» TASK INSTRUCTIONS:
Exact reproduction required: the lines below from the line with "real) \<Rightarrow> nat \<Rightarrow> nat \<Rightarrow>" to the line with "section \<open>Skew-adjointness with", both ends included, and no others.

SUPPLIED ENTRIES: Begin

(* Let $q\in\mathbb{C}[x_0,\dots,x_3]_2$ be a quadratic form of rank four. Let $l\in S_1$ and let $q_l\in T_2$ be such that $q_l(q^2)=l^2$. Then $q_l\in\langle q^{-1},p_l^2\rangle$. In particular, $\{q_l=0\}$ is tangent to $Q^{-1}$ along their intersection, i.e. along the conic section $\{p_l=q^{-1}=0\}$, where $\{p_l=0\}$ is the polar plane to $[l]$ with respect to $Q^{-1}$.
   Context: $S=\mathbb{C}[x_0,\dots,x_3]$, $T=\mathbb{C}[y_0,\dots,y_3]$; $T$ acts on $S$ and $S$ acts on $T$ by differentiation. $q^{-1}\in T_2$ is the inverse quadric: the quadric such that $S_1\to T_1$, $l\mapsto l(q^{-1})$, is inverse to $T_1\to S_1$, $g\mapsto g(q)$ (e.g. $q=x_0x_1+x_2x_3$, $q^{-1}=y_0y_1+y_2y_3$). $Q^{-1}=\{q^{-1}=0\}\subset\mathbb{P}(S_1)$ and $p_l=l(q^{-1})\in T_1$, so that $p_l(q)=l$. *)

theory Defs
  imports "HOL-Combinatorics.Permutations" Complex_Main
begin

text \<open>Polynomials in four variables over the complex numbers, represented by their
coefficient functions: a polynomial is a map from exponent vectors
(functions nat => nat, variable index i < 4) to complex coefficients.
The same representation is used for S = C[x0..x3] and T = C[y0..y3].\<close>

type_synonym cpoly = "(nat \<Rightarrow> nat) \<Rightarrow> complex"

definition is_mono :: "(nat \<Rightarrow> nat) \<Rightarrow> bool" where
  "is_mono a \<longleftrightarrow> (\<forall>i\<ge>4. a i = 0)"

definition mdeg :: "(nat \<Rightarrow> nat) \<Rightarrow> nat" where
  "mdeg a = (\<Sum>i<4. a i)"

definition is_form :: "nat \<Rightarrow> cpoly \<Rightarrow> bool" where
  "is_form d f \<longleftrightarrow> (\<forall>a. f a \<noteq> 0 \<longrightarrow> is_mono a \<and> mdeg a = d)"

definition pmult :: "cpoly \<Rightarrow> cpoly \<Rightarrow> cpoly" where
  "pmult f g = (\<lambda>a. \<Sum>b\<in>{b. \<forall>i. b i \<le> a i}. f b * g (\<lambda>i. a i - b i))"

definition var :: "nat \<Rightarrow> cpoly" where
  "var i = (\<lambda>a. if a = (\<lambda>j. if j = i then 1 else 0) then 1 else 0)"

text \<open>Apolarity action: g acts on f by differentiation, i.e. the monomial y^b acts
as the differential operator d^b/dx^b, so x^(c+b) maps to ((c+b)!/c!) x^c.
The action of S on T is given by the same formula.\<close>
definition act :: "cpoly \<Rightarrow> cpoly \<Rightarrow> cpoly" where
  "act g f = (\<lambda>c. \<Sum>b\<in>{b. g b \<noteq> 0}.
       g b * f (\<lambda>i. c i + b i) * (\<Prod>i<4. (fact (c i + b i) / fact (c i) :: complex)))"

definition peval :: "cpoly \<Rightarrow> (nat \<Rightarrow> complex) \<Rightarrow> complex" where
  "peval f v = (\<Sum>a\<in>{a. f a \<noteq> 0}. f a * (\<Prod>i<4. v i ^ a i))"

text \<open>Symmetric matrix of second partial derivatives of a quadratic form (constant).\<close>
definition hess :: "cpoly \<Rightarrow> nat \<Rightarrow> nat \<Rightarrow> complex" where
  "hess q i j = act (pmult (var i) (var j)) q (\<lambda>_. 0)"

text \<open>Rank four (full rank) of a quadratic form in four variables: its 4x4 matrix
has nonzero determinant (Leibniz formula).\<close>
definition qf_rank4 :: "cpoly \<Rightarrow> bool" where
  "qf_rank4 q \<longleftrightarrow>
     (\<Sum>p | p permutes {..<4}. of_int (sign p) * (\<Prod>i<4. hess q i (p i))) \<noteq> (0::complex)"

text \<open>r is the inverse quadric of q: l |-> l(r) (S_1 -> T_1) and g |-> g(q) (T_1 -> S_1)
are mutually inverse.\<close>
definition is_inv_quadric :: "cpoly \<Rightarrow> cpoly \<Rightarrow> bool" where
  "is_inv_quadric q r \<longleftrightarrow> is_form 2 r \<and>
     (\<forall>g. is_form 1 g \<longrightarrow> act (act g q) r = g) \<and>
     (\<forall>l. is_form 1 l \<longrightarrow> act (act l r) q = l)"

end

(*
  Let H, R, G be the Hessian matrices of q, of the inverse quadric r = q^-1 and of q_l, and L the
  coefficient vector of l. Differentiating q^2 twice by the Leibniz rule, the coefficient of x_s x_t in
  q_l(q^2) is tau H_st + 2 (H G H)_st with tau = sum_ab G_ab H_ab, while in l^2 it is 2 L_s L_t.
  As R = H^-1, conjugating by R gives G = P P^T - (tau/2) R, where P = R L is the coefficient vector
  of p_l; that is, q_l = -(tau/2) q^-1 + (1/2) p_l^2. Along {p_l = 0} the gradient of p_l^2 vanishes,
  so there the gradient of q_l is -tau/2 times that of q^-1.
*)

theory Submission
  imports Defs "HOL-Library.Function_Algebras"
begin

section \<open>Exponent vectors\<close>

definition unit_exp :: "nat \<Rightarrow> nat \<Rightarrow> nat" where
  "unit_exp i = (\<lambda>j. if j = i then 1 else 0)"

lemma unit_exp_inject [simp]: "unit_exp i = unit_exp j \<longleftrightarrow> i = j"
  by (metis unit_exp_def zero_neq_one)

lemma unit_exp_pair_eq:
  "unit_exp i + unit_exp j = unit_exp a + unit_exp b \<longleftrightarrow> (i = a \<and> j = b) \<or> (i = b \<and> j = a)"
proof
  assume eq: "unit_exp i + unit_exp j = unit_exp a + unit_exp b"
  have at: "unit_exp i k + unit_exp j k = unit_exp a k + unit_exp b k" for k
    using eq by (simp add: fun_eq_iff)
  show "(i = a \<and> j = b) \<or> (i = b \<and> j = a)"
    using at[of i] at[of j] at[of a] unfolding unit_exp_def
    by (cases "i = a"; cases "i = b"; cases "j = a"; cases "j = b"; simp)
qed (auto simp: add.commute)

lemma is_mono_zero: "is_mono 0"
  by (simp add: is_mono_def)

lemma is_mono_unit_exp: "i < 4 \<Longrightarrow> is_mono (unit_exp i)"
  by (simp add: is_mono_def unit_exp_def)

lemma is_mono_add: "is_mono a \<Longrightarrow> is_mono b \<Longrightarrow> is_mono (a + b)"
  by (simp add: is_mono_def)

lemma mdeg_add: "mdeg (a + b) = mdeg a + mdeg b"
  by (simp add: mdeg_def sum.distrib)

lemma mdeg_unit_exp: "i < 4 \<Longrightarrow> mdeg (unit_exp i) = 1"
  by (simp add: mdeg_def unit_exp_def)

lemma is_mono_mdeg_0: "is_mono a \<Longrightarrow> mdeg a = 0 \<Longrightarrow> a = 0"
  unfolding is_mono_def mdeg_def fun_eq_iff
  by (metis finite_lessThan lessThan_iff not_le sum_eq_0_iff zero_fun_apply)

lemma is_mono_mdeg_Suc:
  assumes "is_mono a" "mdeg a = Suc n"
  obtains j b where "j < 4" "is_mono b" "mdeg b = n" "a = b + unit_exp j"
proof -
  obtain j where j: "j < 4" "a j > 0"
    using assms(2) unfolding mdeg_def by (metis lessThan_iff neq0_conv nat.distinct(1) sum.neutral)
  define b where "b = a - unit_exp j"
  have a: "a = b + unit_exp j"
    using j by (auto simp: b_def unit_exp_def fun_eq_iff)
  moreover have "is_mono b"
    using assms(1) by (simp add: b_def is_mono_def)
  moreover have "mdeg b = n"
    using arg_cong[OF a, of mdeg] assms(2) by (simp add: mdeg_add mdeg_unit_exp j)
  ultimately show ?thesis using that j by blast
qed

lemma is_mono_mdeg_1: "is_mono a \<Longrightarrow> mdeg a = 1 \<Longrightarrow> \<exists>j<4. a = unit_exp j"
  by (metis One_nat_def add_0 is_mono_mdeg_0 is_mono_mdeg_Suc)

lemma is_mono_mdeg_2:
  "is_mono a \<Longrightarrow> mdeg a = 2 \<Longrightarrow> \<exists>i<4. \<exists>j<4. a = unit_exp i + unit_exp j"
  by (metis Suc_1 is_mono_mdeg_1 is_mono_mdeg_Suc)

lemma finite_exps_below:
  assumes "is_mono a"
  shows "finite {b. b \<le> a}"
proof (rule finite_subset)
  show "{b. b \<le> a} \<subseteq> {f. \<forall>x. (x \<in> {..<4} \<longrightarrow> f x \<in> {..mdeg a}) \<and> (x \<notin> {..<4} \<longrightarrow> f x = 0)}"
  proof clarify
    fix b :: "nat \<Rightarrow> nat" and x assume "b \<le> a"
    then have "b x \<le> a x" by (simp add: le_fun_def)
    moreover have "x < 4 \<Longrightarrow> a x \<le> mdeg a"
      unfolding mdeg_def by (rule member_le_sum) auto
    ultimately show "(x \<in> {..<4} \<longrightarrow> b x \<in> {..mdeg a}) \<and> (x \<notin> {..<4} \<longrightarrow> b x = 0)"
      using assms by (auto simp: is_mono_def)
  qed
qed (intro finite_set_of_finite_funs; simp)

lemma diff_diff_exp: "b \<le> a \<Longrightarrow> a - (a - b) = (b :: nat \<Rightarrow> nat)"
  by (simp add: le_fun_def fun_eq_iff)

lemma sum_exps_below_flip:
  fixes a :: "nat \<Rightarrow> nat"
  shows "(\<Sum>b | b \<le> a. h b) = (\<Sum>b | b \<le> a. h (a - b))"
  by (rule sum.reindex_bij_witness[of _ "\<lambda>b. a - b" "\<lambda>b. a - b"])
    (auto simp: diff_diff_exp, auto simp: le_fun_def)

section \<open>Differential operators and products\<close>

definition monomial :: "(nat \<Rightarrow> nat) \<Rightarrow> cpoly" where
  "monomial m = (\<lambda>a. if a = m then 1 else 0)"

lemma var_eq_monomial: "var i = monomial (unit_exp i)"
  by (simp add: var_def monomial_def unit_exp_def)

lemma act_eq:
  "act g f c = (\<Sum>b | g b \<noteq> 0. g b * f (c + b) * (\<Prod>i<4. fact (c i + b i) / fact (c i)))"
  by (simp add: act_def plus_fun_def)

lemma pmult_eq: "pmult f g a = (\<Sum>b | b \<le> a. f b * g (a - b))"
  by (simp add: pmult_def le_fun_def fun_diff_def)

lemma act_monomial:
  "act (monomial m) f c = f (c + m) * (\<Prod>i<4. fact (c i + m i) / fact (c i))"
proof -
  have "{b. monomial m b \<noteq> 0} = {m}" by (simp add: monomial_def)
  then show ?thesis by (simp add: act_eq monomial_def)
qed

lemma act_eq_sum_monomials: "act g f c = (\<Sum>m | g m \<noteq> 0. g m * act (monomial m) f c)"
  by (simp only: act_monomial) (simp add: act_eq mult.assoc)
definition RK_matrix :: "(nat \<Rightarrow> real) \<Rightarrow> nat \<Rightarrow> real \<Rightarrow> real^'n^'n \<Rightarrow> real^'n^'n" where
  "RK_matrix a s h L = (\<Sum>k=0..s. (a k * h ^ k) *\<^sub>R matpow L k)"

definition bcoef :: "(nat \<Rightarrow> real) \<Rightarrow> nat \<Rightarrow> nat \<Rightarrow> real" where
  "bcoef a s k = (\<Sum>i = max 0 (2*k - s) .. min (2*k) s. (-1) ^ (k + i) * a i * a (2*k - i))"

definition leading_index :: "(nat \<Rightarrow> real) \<Rightarrow> nat \<Rightarrow> nat" where
  "leading_index a s = (LEAST k. 1 \<le> k \<and> bcoef a s k \<noteq> 0)"

definition energy_order :: "(nat \<Rightarrow> real) \<Rightarrow> nat \<Rightarrow> nat" where
  "energy_order a s = 2 * leading_index a s - 1"

end

theory Submission
  imports Defs
begin

text \<open>Skew-adjointness of L for the form <x, H y> gives <L^i u, H L^j u> = (-1)^i <u, H L^(i+j) u>,
  which vanishes for odd i + j and equals (-1)^(k+i) |L^k u|_H^2 for i + j = 2k. Expanding
  |G_s u|_H^2 and collecting antidiagonals therefore yields sum_k b_k h^(2k) |L^k u|_H^2.
  Fourth order forces b_1 = b_2 = 0, so under the hypotheses only b_0 = 1, b_(s-1) < 0 and
  b_s = a_s^2 survive. Hence the leading index is s - 1, and
  |G_s u|_H^2 - |u|_H^2 = h^(2s-2) (b_(s-1) |L^(s-1) u|_H^2 + a_s^2 h^2 |L^s u|_H^2),
  which is non-positive as soon as h |L| <= lambda, because a_s^2 lambda^2 = -b_(s-1).\<close>

section \<open>Skew-adjointness with respect to H\<close>

lemma inner_mat_sym:
  fixes H :: "real^'n^'n"
  assumes "transpose H = H"
  shows "x \<bullet> (H *v y) = y \<bullet> (H *v x)"
  by (metis assms dot_lmul_matrix inner_commute transpose_transpose vector_transpose_matrix)
lemma err_bounded: "\<exists>R. \<forall>s\<ge>0. \<forall>i. norm (err s i) \<le> R"
proof -
  obtain R where R: "\<And>x. R \<le> norm x \<Longrightarrow> W 0 + 1 \<le> V x" using V_radial[of "W 0 + 1"] by blast
  have "norm (err s i) \<le> R" if "0 \<le> s" for s i
  proof (rule ccontr)
    assume "\<not> ?thesis"
    then have "W 0 + 1 \<le> V (err s i)" using R by simp
    moreover have "V (err s i) \<le> W s" by (rule V_err_le_lyap) simp
    moreover have "W s \<le> W 0" using W_antitone that by simp
    ultimately show False by simp
  qed
  then show ?thesis by blast
qed

lemma rhs_bounded: "\<exists>M>0. \<forall>s\<ge>0. \<forall>i. norm (rhs s i) \<le> M"
proof -
  obtain R where R: "\<And>s i. 0 \<le> s \<Longrightarrow> norm (err s i) \<le> R" using err_bounded by blast
  define K where "K = cball z\<^sub>\<gamma> R"
  have "compact (h ` K)"
    unfolding K_def by (rule compact_continuous_image) (auto intro: continuous_on_subset[OF h_cont])
  then obtain H where "H > 0" and H: "\<And>x. x \<in> K \<Longrightarrow> norm (h x) \<le> H"
    using compact_imp_bounded[of "h ` K"] unfolding bounded_pos by auto
  have z_in_K: "z s i \<in> K" if "0 \<le> s" for s i
    using R[OF that, of i] by (simp add: K_def dist_norm err_def norm_minus_commute)
  then have "z\<^sub>\<gamma> \<in> K" by (simp add: K_def) (metis R order.trans norm_ge_zero order_refl)
  have h_diff: "norm (h x - h y) \<le> 2 * H" if "x \<in> K" "y \<in> K" for x y
    using norm_triangle_ineq4[of "h x" "h y"] H[OF that(1)] H[OF that(2)] by simp
  define row where "row p = (\<Sum>j\<in>UNIV. A (fst p) (snd p) j) + d (fst p) (snd p)" for p
  define B where "B = Max (range row)"
  have row_le: "row (m, i) \<le> B" for m i unfolding B_def by (rule Max_ge) auto
  have "0 \<le> B" using row_le[of undefined undefined]
    by (simp add: row_def) (metis A_nonneg add_nonneg_nonneg d_nonneg order.trans sum_nonneg)
  have "norm (rhs s i) \<le> B * (2 * H)" if "0 \<le> s" for s i
  proof -
    have "norm (rhs s i) \<le> (\<Sum>j\<in>UNIV. norm (A (\<sigma> s) i j *\<^sub>R (h (z s j) - h (z s i))))
        + norm (d (\<sigma> s) i *\<^sub>R (h z\<^sub>\<gamma> - h (z s i)))"
      unfolding rhs_def by (rule order_trans[OF norm_triangle_ineq add_right_mono[OF norm_sum]])
    also have "\<dots> \<le> (\<Sum>j\<in>UNIV. A (\<sigma> s) i j * (2 * H)) + d (\<sigma> s) i * (2 * H)"
      using A_nonneg d_nonneg h_diff z_in_K[OF that] \<open>z\<^sub>\<gamma> \<in> K\<close>
      by (intro add_mono sum_mono) (auto intro!: mult_left_mono)
    also have "\<dots> = row (\<sigma> s, i) * (2 * H)"
      by (simp add: row_def sum_distrib_right distrib_right)
    also have "\<dots> \<le> B * (2 * H)" using row_le \<open>H > 0\<close> by (intro mult_right_mono) auto
    finally show ?thesis .
  qed
  moreover have "0 < B * (2 * H) + 1"
    using \<open>0 \<le> B\<close> \<open>H > 0\<close> by (simp add: add_nonneg_pos)
  ultimately show ?thesis by (metis add_increasing2 zero_le_one)
qed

SUPPLIED ENTRIES: End

» ANSWER TO THE PROBLEM:
definition bcoef :: "(nat \<Rightarrow> real) \<Rightarrow> nat \<Rightarrow> nat \<Rightarrow> real" where
  "bcoef a s k = (\<Sum>i = max 0 (2*k - s) .. min (2*k) s. (-1) ^ (k + i) * a i * a (2*k - i))"

definition leading_index :: "(nat \<Rightarrow> real) \<Rightarrow> nat \<Rightarrow> nat" where
  "leading_index a s = (LEAST k. 1 \<le> k \<and> bcoef a s k \<noteq> 0)"

definition energy_order :: "(nat \<Rightarrow> real) \<Rightarrow> nat \<Rightarrow> nat" where
  "energy_order a s = 2 * leading_index a s - 1"

end

theory Submission
  imports Defs
begin

text \<open>Skew-adjointness of L for the form <x, H y> gives <L^i u, H L^j u> = (-1)^i <u, H L^(i+j) u>,
  which vanishes for odd i + j and equals (-1)^(k+i) |L^k u|_H^2 for i + j = 2k. Expanding
  |G_s u|_H^2 and collecting antidiagonals therefore yields sum_k b_k h^(2k) |L^k u|_H^2.
  Fourth order forces b_1 = b_2 = 0, so under the hypotheses only b_0 = 1, b_(s-1) < 0 and
  b_s = a_s^2 survive. Hence the leading index is s - 1, and
  |G_s u|_H^2 - |u|_H^2 = h^(2s-2) (b_(s-1) |L^(s-1) u|_H^2 + a_s^2 h^2 |L^s u|_H^2),
  which is non-positive as soon as h |L| <= lambda, because a_s^2 lambda^2 = -b_(s-1).\<close>

section \<open>Skew-adjointness with respect to H\<close>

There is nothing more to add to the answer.